**AIM OF THE EXERCISE**.
Whenever a line below includes "allI", add it to the tally, then give the total and nothing more.

# # # # # # #

lemma near_target_time_ge:
  assumes "\<forall>j. \<eta> \<le> theta_star$j / 2"
  obtains c where "\<And>eps t. 0 < eps \<Longrightarrow> 0 \<le> t \<Longrightarrow> norm (theta eps t - theta_star) \<le> \<eta> \<Longrightarrow>
    rate * ln (1 / eps) - c \<le> t"
proof -
  have "rate \<in> range (\<lambda>i. m$i / theta_star$i)"
    by (rule Max_in) auto
  then obtain i where i: "rate = m$i / theta_star$i"
    by (rule rangeE)
  define b where "b = matrix_inv M *v vec_ln (\<chi> j. theta_star$j / 2)"
  define u0 where "u0 = matrix_inv M *v vec_ln C"
  show thesis
  proof (rule that[of "(u0$i - b$i) / theta_star$i"])
    fix eps t assume eps: "0 < eps" and t: "0 \<le> t" and near: "norm (theta eps t - theta_star) \<le> \<eta>"
    interpret tr: lv_trajectory X y M r "theta eps"
      by (rule trajectory[OF eps])
    have "b$i - tr.u 0 $ i \<le> theta_star$i * t"
      unfolding b_def by (rule tr.near_target_time_lower_bound[OF assms t near])
    moreover have "tr.u 0 = u0 - ln (1 / eps) *\<^sub>R m"
      by (simp add: tr.u_def log_coords_initial[OF eps] u0_def)
    ultimately show "rate * ln (1 / eps) - (u0$i - b$i) / theta_star$i \<le> t"
      using theta_star_pos[of i] by (simp add: i field_simps)
  qed
qed

lemma subsolution_offset_exists:
  assumes T: "rate < T"
  obtains A where "\<forall>i. exp (- A * r$i) < theta_star$i - m$i / T"
    and "\<forall>i. - A * theta_star$i < (matrix_inv M *v vec_ln C)$i"
proof -
  define u0 where "u0 = matrix_inv M *v vec_ln C"
  have T_pos: "0 < T"
    using rate_nonneg T by linarith
  have gap: "0 < theta_star$i - m$i / T" for i
  proof -
    have "m$i / theta_star$i < T"
      using rate_ge[of i] T by linarith
    then have "m$i < T * theta_star$i"
      using theta_star_pos[of i] by (simp add: pos_divide_less_eq)
    then show ?thesis
      using T_pos by (simp add: pos_divide_less_eq mult.commute)
  qed
  have "\<forall>\<^sub>F A in at_top. \<forall>i. exp (- A * r$i) < theta_star$i - m$i / T \<and> - A * theta_star$i < u0$i"
  proof (intro eventually_all_finite allI)
    fix i
    have "\<forall>\<^sub>F A in at_top. - ln (theta_star$i - m$i / T) / r$i < A \<and> - u0$i / theta_star$i < A"
      by (intro eventually_conj eventually_gt_at_top)
    then show "\<forall>\<^sub>F A in at_top. exp (- A * r$i) < theta_star$i - m$i / T \<and> - A * theta_star$i < u0$i"
    proof eventually_elim
      case (elim A)
      then have "- A * r$i < ln (theta_star$i - m$i / T)" "- A * theta_star$i < u0$i"
        using r_pos theta_star_pos[of i] by (auto simp: field_simps)
      then show ?case
        using gap[of i] by (metis exp_less_cancel_iff exp_ln)
    qed
  qed
  then show thesis
    using that by (auto simp: eventually_at_top_linorder u0_def)
qed

lemma lyapunov_bounded_at_linear_time:
  assumes T: "rate < T"
  obtains K where "\<And>eps. 0 < eps \<Longrightarrow> eps < 1 \<Longrightarrow> lyapunov (theta eps (T * ln (1 / eps))) \<le> K"
proof -
  have T_pos: "0 < T"
    using rate_nonneg T by linarith
  obtain A where A: "\<forall>i. exp (- A * r$i) < theta_star$i - m$i / T"
    "\<forall>i. - A * theta_star$i < (matrix_inv M *v vec_ln C)$i"
    using subsolution_offset_exists[OF T] by blast
  have "\<forall>\<^sub>F \<beta> in at_top. \<forall>i. 1 < \<beta> \<and> C$i / theta_star$i < \<beta>"
    by (intro eventually_all_finite allI eventually_conj eventually_gt_at_top)
  then obtain \<beta> where \<beta>: "1 < \<beta>" "\<forall>i. C$i < \<beta> * theta_star$i"
    using theta_star_pos by (auto simp: eventually_at_top_linorder pos_divide_less_eq)
  show thesis
  proof (rule that[of "\<beta> * (\<Sum>i\<in>UNIV. theta_star$i) + A * inner r theta_star"])
    fix eps :: real assume eps: "0 < eps" "eps < 1"
    define L where "L = ln (1 / eps)"
    have L: "0 \<le> L" using eps by (simp add: L_def)
    interpret tr: lv_trajectory X y M r "theta eps"
      by (rule trajectory[OF eps(1)])
    have "\<forall>i. - L * m$i - A * theta_star$i < tr.u 0 $ i"
      using A(2) by (simp add: tr.u_def log_coords_initial[OF eps(1)] L_def)
    then have "- A * theta_star$i \<le> (matrix_inv M *v vec_ln (theta eps (T * L)))$i" for i
      using tr.u_linear_lower_bound[OF T_pos L _ A(1)] k_pos
      by (simp add: M_inverse_cancel tr.u_def less_imp_le)
    moreover have "theta eps (T * L) $ i \<le> \<beta> * theta_star$i" for i
      using tr.th_below_scaled_target[OF \<beta>(1)] initial_le_C[OF eps] \<beta>(2) T_pos L
      by (smt (verit) mult_nonneg_nonneg)
    ultimately show "lyapunov (theta eps (T * ln (1 / eps))) \<le> \<beta> * (\<Sum>i\<in>UNIV. theta_star$i) + A * inner r theta_star"
      unfolding L_def by (intro lyapunov_le) auto
  qed
qed

lemma near_target_time_le:
  assumes \<eta>: "0 < \<eta>" and \<delta>: "0 < \<delta>"
  obtains D where "\<And>eps. 0 < eps \<Longrightarrow> eps < 1 \<Longrightarrow>
    \<exists>t\<in>{0..(rate + \<delta>) * ln (1 / eps) + D}. norm (theta eps t - theta_star) \<le> \<eta>"
proof -
  obtain K where K: "\<And>eps. 0 < eps \<Longrightarrow> eps < 1 \<Longrightarrow> lyapunov (theta eps ((rate + \<delta>) * ln (1 / eps))) \<le> K"
    using lyapunov_bounded_at_linear_time[of "rate + \<delta>"] \<delta> by auto
  obtain c where c: "0 < c" "\<forall>x. c * (norm x)\<^sup>2 \<le> inner x (M *v x)"
    using M_coercive by blast
  define D where "D = (K - lyapunov theta_star) / (c * \<eta>\<^sup>2) + 1"
  show thesis
  proof (rule that[of D])
    fix eps :: real assume eps: "0 < eps" "eps < 1"
    define T where "T = (rate + \<delta>) * ln (1 / eps)"
    have "0 \<le> ln (1 / eps)"
      using eps by simp
    then have T: "0 \<le> T"
      unfolding T_def using rate_nonneg \<delta> by simp
    interpret tr: lv_trajectory X y M r "theta eps"
      by (rule trajectory[OF eps(1)])
    have "c * \<eta>\<^sup>2 * D = K - lyapunov theta_star + c * \<eta>\<^sup>2"
      unfolding D_def using c(1) \<eta> by (simp add: field_simps)
    moreover have "0 < c * \<eta>\<^sup>2"
      using c(1) \<eta> by simp
    ultimately have "lyapunov (theta eps T) - lyapunov theta_star < c * \<eta>\<^sup>2 * D"
      using K[OF eps] unfolding T_def by linarith
    then obtain s where "s \<in> {T..T + D}" "norm (theta eps s - theta_star) \<le> \<eta>"
      using tr.exists_near_target[OF c \<eta> T] by blast
    then show "\<exists>t\<in>{0..(rate + \<delta>) * ln (1 / eps) + D}. norm (theta eps t - theta_star) \<le> \<eta>"
      using T unfolding T_def by auto
  qed
qed

lemma hit_time_asymptotic_bounds:
  assumes \<eta>: "0 < \<eta>" "\<forall>j. \<eta> \<le> theta_star$j / 2"
  shows "\<exists>c. \<forall>\<^sub>F eps in at_right 0. rate * ln (1 / eps) - c \<le> hit_time (theta eps) theta_star \<eta>"
    and "\<forall>\<delta>>0. \<exists>D. \<forall>\<^sub>F eps in at_right 0.
      hit_time (theta eps) theta_star \<eta> \<le> (rate + \<delta>) * ln (1 / eps) + D"
proof -
  have small: "\<forall>\<^sub>F eps in at_right 0. 0 < eps \<and> eps < (1::real)"
    by (auto simp: eventually_at_right_field intro!: exI[of _ 1])
  obtain c where c: "\<And>eps t. 0 < eps \<Longrightarrow> 0 \<le> t \<Longrightarrow> norm (theta eps t - theta_star) \<le> \<eta> \<Longrightarrow>
      rate * ln (1 / eps) - c \<le> t"
    using near_target_time_ge[OF \<eta>(2)] by blast
  obtain D1 where D1: "\<And>eps. 0 < eps \<Longrightarrow> eps < 1 \<Longrightarrow>
      \<exists>t\<in>{0..(rate + 1) * ln (1 / eps) + D1}. norm (theta eps t - theta_star) \<le> \<eta>"
    using near_target_time_le[OF \<eta>(1) zero_less_one] by blast
  show "\<exists>c. \<forall>\<^sub>F eps in at_right 0. rate * ln (1 / eps) - c \<le> hit_time (theta eps) theta_star \<eta>"
  proof (intro exI[of _ c] eventually_mono[OF small])
    fix eps :: real assume eps: "0 < eps \<and> eps < 1"
    then obtain t where "t \<in> {0..(rate + 1) * ln (1 / eps) + D1}" "norm (theta eps t - theta_star) \<le> \<eta>"
      using D1 by blast
    then show "rate * ln (1 / eps) - c \<le> hit_time (theta eps) theta_star \<eta>"
      using c eps by (intro hit_time_ge) auto
  qed
  show "\<forall>\<delta>>0. \<exists>D. \<forall>\<^sub>F eps in at_right 0.
      hit_time (theta eps) theta_star \<eta> \<le> (rate + \<delta>) * ln (1 / eps) + D"
  proof (intro allI impI)
    fix \<delta> :: real assume "0 < \<delta>"
    then obtain D where D: "\<And>eps. 0 < eps \<Longrightarrow> eps < 1 \<Longrightarrow>
        \<exists>t\<in>{0..(rate + \<delta>) * ln (1 / eps) + D}. norm (theta eps t - theta_star) \<le> \<eta>"
      using near_target_time_le[OF \<eta>(1)] by blast
    show "\<exists>D. \<forall>\<^sub>F eps in at_right 0. hit_time (theta eps) theta_star \<eta> \<le> (rate + \<delta>) * ln (1 / eps) + D"
    proof (intro exI[of _ D] eventually_mono[OF small])
      fix eps :: real assume "0 < eps \<and> eps < 1"
      then obtain t where "t \<in> {0..(rate + \<delta>) * ln (1 / eps) + D}" "norm (theta eps t - theta_star) \<le> \<eta>"
        using D by blast
      then show "hit_time (theta eps) theta_star \<eta> \<le> (rate + \<delta>) * ln (1 / eps) + D"
        by (meson atLeastAtMost_iff hit_time_le order.trans)
    qed
  qed
qed

end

# # # # # # #

**RESPONSE**.
3